**Problem statement**. Nothing but a number should be given: how many lines in the entries below include the string "intro".

**Records provided**.
lemma hom_in_qforms_add:
  assumes "hom_in_qforms a b \<alpha> \<beta> k f" and "hom_in_qforms a b \<alpha> \<beta> k g"
  shows "hom_in_qforms a b \<alpha> \<beta> k (\<lambda>x y. f x y + g x y)"
proof -
  obtain c d where "\<forall>r. k < r \<longrightarrow> c r = 0" "\<forall>r. k < r \<longrightarrow> d r = 0"
    and "\<forall>x y. f x y = binary_form k c (qform \<alpha> \<beta> x y) (qform a b x y)"
    and "\<forall>x y. g x y = binary_form k d (qform \<alpha> \<beta> x y) (qform a b x y)"
    using assms unfolding hom_in_qforms_def by blast
  then show ?thesis
    unfolding hom_in_qforms_def
    by (intro exI[of _ "\<lambda>r. c r + d r"]) (simp add: binary_form_add)
qed

lemma hom_in_qforms_scale:
  assumes "hom_in_qforms a b \<alpha> \<beta> k f"
  shows "hom_in_qforms a b \<alpha> \<beta> k (\<lambda>x y. s * f x y)"
proof -
  obtain c where "\<forall>r. k < r \<longrightarrow> c r = 0"
    and "\<forall>x y. f x y = binary_form k c (qform \<alpha> \<beta> x y) (qform a b x y)"
    using assms unfolding hom_in_qforms_def by blast
  then show ?thesis
    unfolding hom_in_qforms_def
    by (intro exI[of _ "\<lambda>r. s * c r"]) (simp add: binary_form_scale)
qed

lemma hom_in_qforms_mult_linear:
  assumes "hom_in_qforms a b \<alpha> \<beta> k f"
  shows "hom_in_qforms a b \<alpha> \<beta> (Suc k)
    (\<lambda>x y. (p * qform \<alpha> \<beta> x y + q * qform a b x y) * f x y)"
proof -
  obtain c where c: "\<forall>r. k < r \<longrightarrow> c r = 0"
    and f: "\<forall>x y. f x y = binary_form k c (qform \<alpha> \<beta> x y) (qform a b x y)"
    using assms unfolding hom_in_qforms_def by blast
  define c' where "c' r = p * c r + q * case_nat 0 c r" for r
  have "binary_form (Suc k) c' X Y = (p * X + q * Y) * binary_form k c X Y" for X Y
  proof -
    have "binary_form (Suc k) c' X Y =
        p * binary_form (Suc k) c X Y + q * binary_form (Suc k) (case_nat 0 c) X Y"
      unfolding c'_def by (simp only: binary_form_add binary_form_scale)
    also have "\<dots> = p * (X * binary_form k c X Y) + q * (Y * binary_form k c X Y)"
      using c by (simp only: binary_form_Suc_left binary_form_Suc_right lessI)
    finally show ?thesis by (simp only: algebra_simps)
  qed
  moreover have "\<forall>r. Suc k < r \<longrightarrow> c' r = 0"
    using c by (auto simp: c'_def split: nat.split)
  ultimately show ?thesis
    unfolding hom_in_qforms_def using f by metis
qed

fun power_sum_quotient :: "nat \<Rightarrow> 'a::comm_ring_1 \<Rightarrow> 'a \<Rightarrow> 'a" where
  "power_sum_quotient 0 x y = 2"
| "power_sum_quotient (Suc 0) x y = 1"
| "power_sum_quotient (Suc (Suc 0)) x y = x\<^sup>2 + y\<^sup>2"
| "power_sum_quotient (Suc (Suc (Suc 0))) x y = x\<^sup>2 + y\<^sup>2 - x * y"
| "power_sum_quotient (Suc (Suc (Suc (Suc m)))) x y =
    (x\<^sup>2 + y\<^sup>2) * power_sum_quotient (Suc (Suc m)) x y - (x * y)\<^sup>2 * power_sum_quotient m x y"

lemma delta_Suc_Suc: "delta (Suc (Suc m)) = delta m"
  unfolding delta_def by simp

**Solution for this problem**. 2